He said the respectful distance we were keeping mattered more than any grand gesture or relationship could. Proving we could work together for Janna was what counted.

I thanked him for being honest and agreed completely, relieved that we were on the same page. Some things were more important than fairy-tale endings, and Janna’s stability was one of them. Waverly sent me an update email the next week saying my mother had completed three therapy sessions and that the therapist noted she was engaging seriously with the work.

The email included a note that real change took months or years, not weeks, but the initial signs were encouraging. I read it twice, feeling my automatic skepticism soften just slightly into something that might become conditional trust eventually. I was not ready to believe she had changed yet, but I could watch her actions and see if they stayed consistent over time.

Words were easy. Showing up to therapy every week and respecting boundaries without complaint was harder. The first supervised visit happened on a Wednesday afternoon at a family center downtown.

I drove Janna there and walked her inside, where a staff member met us in the lobby. My mother was already in the visit room, sitting at a small table with coloring books and crayons set out. I stayed in the building, but not in the room, sitting in the waiting area with a book I could not focus on reading.

The staff member had explained the rules to my mother beforehand. No gifts. No promises about future visits.

No asking Janna to keep secrets. Just simple conversation and activities together.
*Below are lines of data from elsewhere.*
(* Let $\mathbf{A}$ and $\mathbf{B}$ be $\mathbf{K}$-objects and $f_1,f_2:\mathbf{A}\to\mathbf{B}$ distinct $\mathbf{K}$-morphisms. Then the natural transformations $\Phi f_1$ and $\Phi f_2$ from $\Phi\mathbf{B}$ to $\Phi\mathbf{A}$ are distinct; that is, $\Phi$ is faithful.
   Context: $\mathbf{T}$ is the category whose objects are pairs $(A,\mathcal{R})$ with $A$ a set and $\mathcal{R}$ a family of subsets of $A$, and whose morphisms $f:(A,\mathcal{R})\to(B,\mathcal{S})$ are maps $f:A\to B$ with $f^{-1}[S]\in\mathcal{R}$ for all $S\in\mathcal{S}$. Fix a simple graph with vertex set $V=\{v_1,\dots,v_6\}$ and edge set $\mathcal{G}$ (two-element subsets of $V$) with no non-identity automorphism. For a $\mathbf{T}$-object $(A,\mathcal{R})$ let $\Psi(A,\mathcal{R})=(\overline{A},\overline{\mathcal{R}})$ with $\overline{A}=A\sqcup V$ and $\overline{\mathcal{R}}$ consisting of $\{v_i\}$, $\overline{A}\setminus\{v_i\}$ ($i=1,\dots,6$), $G$, $\overline{A}\setminus G$ ($G\in\mathcal{G}$), and $\{v_1,v_2,v_3\}\cup R$, $\{v_4,v_5,v_6\}\cup(A\setminus R)$ ($R\in\mathcal{R}$). $\mathbf{K}$ is the full subcategory of $\mathbf{T}$ on the objects of the form $\Psi(A,\mathcal{R})$. For a $\mathbf{K}$-object $\mathbf{A}=(A,\mathcal{R})$ and a set $X$, let $\approx_{\mathbf{A}}$ be the equivalence on maps $A\to X$: $g_1\approx_{\mathbf{A}}g_2$ iff $g_1=g_2$, or $g_1[A]=g_2[A]$ is a two-element set $\{x,x'\}$ and $g_1^{-1}[\{x\}]=g_2^{-1}[\{x'\}]\in\mathcal{R}$. The set functor $\Phi\mathbf{A}$ is $(\Phi\mathbf{A})X=\{g\,;\,g:A\to X\}/\!\approx_{\mathbf{A}}$, $((\Phi\mathbf{A})h)(g/\!\approx_{\mathbf{A}})=hg/\!\approx_{\mathbf{A}}$. For a $\mathbf{K}$-morphism $f:\mathbf{A}\to\mathbf{B}=(B,\mathcal{S})$, $\Phi f:\Phi\mathbf{B}\to\Phi\mathbf{A}$ is the natural transformation with $(\Phi f)_X(g/\!\approx_{\mathbf{B}})=gf/\!\approx_{\mathbf{A}}$ for $g:B\to X$. *)

theory Defs
  imports "HOL-Library.FuncSet"
begin

text \<open>The fixed vertex set V = {v1,...,v6} is represented by the naturals 1..6.\<close>
definition Vset :: "nat set" where "Vset = {1..6}"

definition simple_graph_on_V :: "nat set set \<Rightarrow> bool" where
  "simple_graph_on_V G \<longleftrightarrow> (\<forall>e\<in>G. e \<subseteq> Vset \<and> card e = 2)"

definition is_automorphism :: "nat set set \<Rightarrow> (nat \<Rightarrow> nat) \<Rightarrow> bool" where
  "is_automorphism G \<pi> \<longleftrightarrow> bij_betw \<pi> Vset Vset \<and>
     (\<forall>u\<in>Vset. \<forall>v\<in>Vset. {u, v} \<in> G \<longleftrightarrow> {\<pi> u, \<pi> v} \<in> G)"

definition rigid :: "nat set set \<Rightarrow> bool" where
  "rigid G \<longleftrightarrow> (\<forall>\<pi>. is_automorphism G \<pi> \<longrightarrow> (\<forall>v\<in>Vset. \<pi> v = v))"

definition T_obj :: "'a set \<Rightarrow> 'a set set \<Rightarrow> bool" where
  "T_obj A R \<longleftrightarrow> R \<subseteq> Pow A"

definition T_mor :: "'a set \<Rightarrow> 'a set set \<Rightarrow> 'b set \<Rightarrow> 'b set set \<Rightarrow> ('a \<Rightarrow> 'b) \<Rightarrow> bool" where
  "T_mor A R B S f \<longleftrightarrow> f \<in> A \<rightarrow> B \<and> (\<forall>s\<in>S. {x\<in>A. f x \<in> s} \<in> R)"

definition Psi_carrier :: "'a set \<Rightarrow> ('a + nat) set" where
  "Psi_carrier A = Inl ` A \<union> Inr ` Vset"

definition Psi_fam :: "nat set set \<Rightarrow> 'a set \<Rightarrow> 'a set set \<Rightarrow> ('a + nat) set set" where
  "Psi_fam G A R =
     (\<Union>i\<in>Vset. {{Inr i}, Psi_carrier A - {Inr i}})
   \<union> (\<Union>e\<in>G. {Inr ` e, Psi_carrier A - Inr ` e})
   \<union> (\<Union>r\<in>R. {Inr ` {1,2,3} \<union> Inl ` r, Inr ` {4,5,6} \<union> Inl ` (A - r)})"

definition approx :: "'c set \<Rightarrow> 'c set set \<Rightarrow> ('c \<Rightarrow> 'x) \<Rightarrow> ('c \<Rightarrow> 'x) \<Rightarrow> bool" where
  "approx A R g1 g2 \<longleftrightarrow>
     (\<forall>a\<in>A. g1 a = g2 a) \<or>
     (g1 ` A = g2 ` A \<and>
      (\<exists>x x'. x \<noteq> x' \<and> g1 ` A = {x, x'} \<and>
              {a\<in>A. g1 a = x} = {a\<in>A. g2 a = x'} \<and> {a\<in>A. g1 a = x} \<in> R))"

definition Phi_obj :: "'c set \<Rightarrow> 'c set set \<Rightarrow> 'x set \<Rightarrow> ('c \<Rightarrow> 'x) set set" where
  "Phi_obj A R X = (A \<rightarrow>\<^sub>E X) // {(g1, g2). g1 \<in> A \<rightarrow>\<^sub>E X \<and> g2 \<in> A \<rightarrow>\<^sub>E X \<and> approx A R g1 g2}"

definition Phi_class :: "'c set \<Rightarrow> 'c set set \<Rightarrow> 'x set \<Rightarrow> ('c \<Rightarrow> 'x) \<Rightarrow> ('c \<Rightarrow> 'x) set" where
  "Phi_class A R X g = {h \<in> A \<rightarrow>\<^sub>E X. approx A R h (restrict g A)}"

text \<open>Component at X of Phi f : Phi B \<rightarrow> Phi A, for f : (A,R) \<rightarrow> (B,S):
  the class of g (g : B \<rightarrow> X) is sent to the class of g \<circ> f.\<close>
definition Phi_mor_comp ::
  "'c set \<Rightarrow> 'c set set \<Rightarrow> ('c \<Rightarrow> 'd) \<Rightarrow> 'x set \<Rightarrow> ('d \<Rightarrow> 'x) \<Rightarrow> ('c \<Rightarrow> 'x) set" where
  "Phi_mor_comp A R f X g = Phi_class A R X (g \<circ> f)"

end

theory Submission
  imports Defs
begin

text \<open>
  Evaluate both natural transformations at the identity map of the carrier of \<open>\<Psi> B\<close>.
  Every \<open>\<Psi>\<close>-family consists of nonempty sets and contains the singletons \<open>{v\<^sub>i}\<close>, so a
  \<open>\<Psi>\<close>-morphism hits all six vertices and the two composites have at least six values.
  But \<open>\<approx>\<close> only identifies distinct maps with exactly two values, so equal classes force
  \<open>f\<^sub>1 = f\<^sub>2\<close>.
\<close>

lemma approx_imp_eq_on_if_image_not_pair:
  assumes "approx A R g1 g2" and "\<nexists>x x'. g1 ` A \<subseteq> {x, x'}"
  shows "\<forall>a\<in>A. g1 a = g2 a"
proof -
  have "\<not> (\<exists>x x'. g1 ` A = {x, x'})"
    using assms(2) by blast
  then show ?thesis
    using assms(1) unfolding approx_def by blast
qed

lemma Phi_class_eq_imp_eq_on:
  assumes "g1 \<in> A \<rightarrow> X" and "Phi_class A R X g1 = Phi_class A R X g2"
    and "\<nexists>x x'. g1 ` A \<subseteq> {x, x'}"
  shows "\<forall>a\<in>A. g1 a = g2 a"
proof -
  have "restrict g1 A \<in> Phi_class A R X g1"
    using assms(1) unfolding Phi_class_def approx_def by auto
  then have "approx A R (restrict g1 A) (restrict g2 A)"
    using assms(2) unfolding Phi_class_def by auto
  moreover have "\<nexists>x x'. restrict g1 A ` A \<subseteq> {x, x'}"
    using assms(3) by simp
  ultimately show ?thesis
    by (auto dest: approx_imp_eq_on_if_image_not_pair)
qed

lemma Psi_carrier_diff_vertices_nonempty:
  assumes "e \<subseteq> Vset" and "card e < 6"
  shows "Psi_carrier A - Inr ` e \<noteq> {}"
proof -
  have "e \<noteq> Vset" using assms(2) by (auto simp: Vset_def)
  then obtain v where "v \<in> Vset" "v \<notin> e" using assms(1) by blast
  then have "Inr v \<in> Psi_carrier A - Inr ` e" by (auto simp: Psi_carrier_def)
  then show ?thesis by blast
qed

lemma Psi_fam_nonempty:
  assumes "simple_graph_on_V G" and "s \<in> Psi_fam G A R"
  shows "s \<noteq> {}"
proof -
  have vertex: "Psi_carrier A - {Inr i} \<noteq> {}" if "i \<in> Vset" for i
    using Psi_carrier_diff_vertices_nonempty[of "{i}" A] that by simp
  have edge: "e \<noteq> {}" "Psi_carrier A - Inr ` e \<noteq> {}" if "e \<in> G" for e
    using assms(1) that Psi_carrier_diff_vertices_nonempty[of e A]
    unfolding simple_graph_on_V_def by fastforce+
  show ?thesis
    using assms(2) vertex edge unfolding Psi_fam_def by blast
qed

lemma Psi_mor_hits_vertices:
  assumes "simple_graph_on_V G"
    and "T_mor (Psi_carrier A) (Psi_fam G A R) (Psi_carrier B) (Psi_fam G B S) f"
    and "i \<in> Vset"
  shows "Inr i \<in> f ` Psi_carrier A"
proof -
  have "{Inr i} \<in> Psi_fam G B S"
    using assms(3) unfolding Psi_fam_def by blast
  then have "{a \<in> Psi_carrier A. f a \<in> {Inr i}} \<in> Psi_fam G A R"
    using assms(2) unfolding T_mor_def by blast
  from Psi_fam_nonempty[OF assms(1) this] show ?thesis
    by (force simp: image_iff)
qed

lemma Psi_mor_image_not_pair:
  assumes "simple_graph_on_V G"
    and "T_mor (Psi_carrier A) (Psi_fam G A R) (Psi_carrier B) (Psi_fam G B S) f"
  shows "\<nexists>x x'. f ` Psi_carrier A \<subseteq> {x, x'}"
proof (intro notI, elim exE)
  fix x x' assume "f ` Psi_carrier A \<subseteq> {x, x'}"
  then have "Inr i \<in> {x, x'}" if "i \<in> Vset" for i
    using Psi_mor_hits_vertices[OF assms that] by blast
  then have "Inr 1 \<in> {x, x'}" "Inr 2 \<in> {x, x'}" "Inr 3 \<in> {x, x'}"
    by (simp_all only: Vset_def atLeastAtMost_iff) simp_all
  then show False
    by auto
qed

lemma Phi_mor_comp_restrict_id:
  assumes "f \<in> A \<rightarrow> B"
  shows "Phi_mor_comp A R f B (restrict id B) = Phi_class A R B f"
proof -
  have "restrict (restrict id B \<circ> f) A = restrict f A"
    using assms by (intro restrict_ext) auto
  then show ?thesis
    unfolding Phi_mor_comp_def Phi_class_def by simp
qed

theorem lemma3p5:
  fixes G :: "nat set set"
    and A :: "'a set" and R :: "'a set set"
    and B :: "'b set" and S :: "'b set set"
    and f1 f2 :: "'a + nat \<Rightarrow> 'b + nat"
  assumes "simple_graph_on_V G" and "rigid G"
    and "T_obj A R" and "T_obj B S"
    and "T_mor (Psi_carrier A) (Psi_fam G A R) (Psi_carrier B) (Psi_fam G B S) f1"
    and "T_mor (Psi_carrier A) (Psi_fam G A R) (Psi_carrier B) (Psi_fam G B S) f2"
    and "\<exists>x\<in>Psi_carrier A. f1 x \<noteq> f2 x"
  shows "\<exists>(X :: ('b + nat) set) g. g \<in> Psi_carrier B \<rightarrow>\<^sub>E X \<and>
           Phi_mor_comp (Psi_carrier A) (Psi_fam G A R) f1 X g \<noteq>
           Phi_mor_comp (Psi_carrier A) (Psi_fam G A R) f2 X g"
proof -
  let ?A = "Psi_carrier A" and ?B = "Psi_carrier B" and ?F = "Psi_fam G A R"
  have maps: "f1 \<in> ?A \<rightarrow> ?B" "f2 \<in> ?A \<rightarrow> ?B"
    using assms(5,6) unfolding T_mor_def by blast+
  have "Phi_class ?A ?F ?B f1 \<noteq> Phi_class ?A ?F ?B f2"
  proof
    assume "Phi_class ?A ?F ?B f1 = Phi_class ?A ?F ?B f2"
    from Phi_class_eq_imp_eq_on[OF maps(1) this Psi_mor_image_not_pair[OF assms(1,5)]]
    show False
      using assms(7) by blast
  qed
  then have "Phi_mor_comp ?A ?F f1 ?B (restrict id ?B) \<noteq> Phi_mor_comp ?A ?F f2 ?B (restrict id ?B)"
    by (simp add: Phi_mor_comp_restrict_id maps)
  moreover have "restrict id ?B \<in> ?B \<rightarrow>\<^sub>E ?B"
    by simp
  ultimately show ?thesis
    by blast
qed

end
After an hour, the door opened, and Janna came out holding a colored picture of a butterfly.

My mother followed behind, keeping an appropriate distance and not trying to hug Janna goodbye. She thanked the staff member and left through the side exit like we had agreed. Janna was quiet in the car, and I did not push her to talk right away.

When we got home, I made her a snack and sat with her at the kitchen table, asking gently how she felt about seeing her grandmother. Janna said Grandma seemed nice, but also sad. They had colored together and talked about favorite animals.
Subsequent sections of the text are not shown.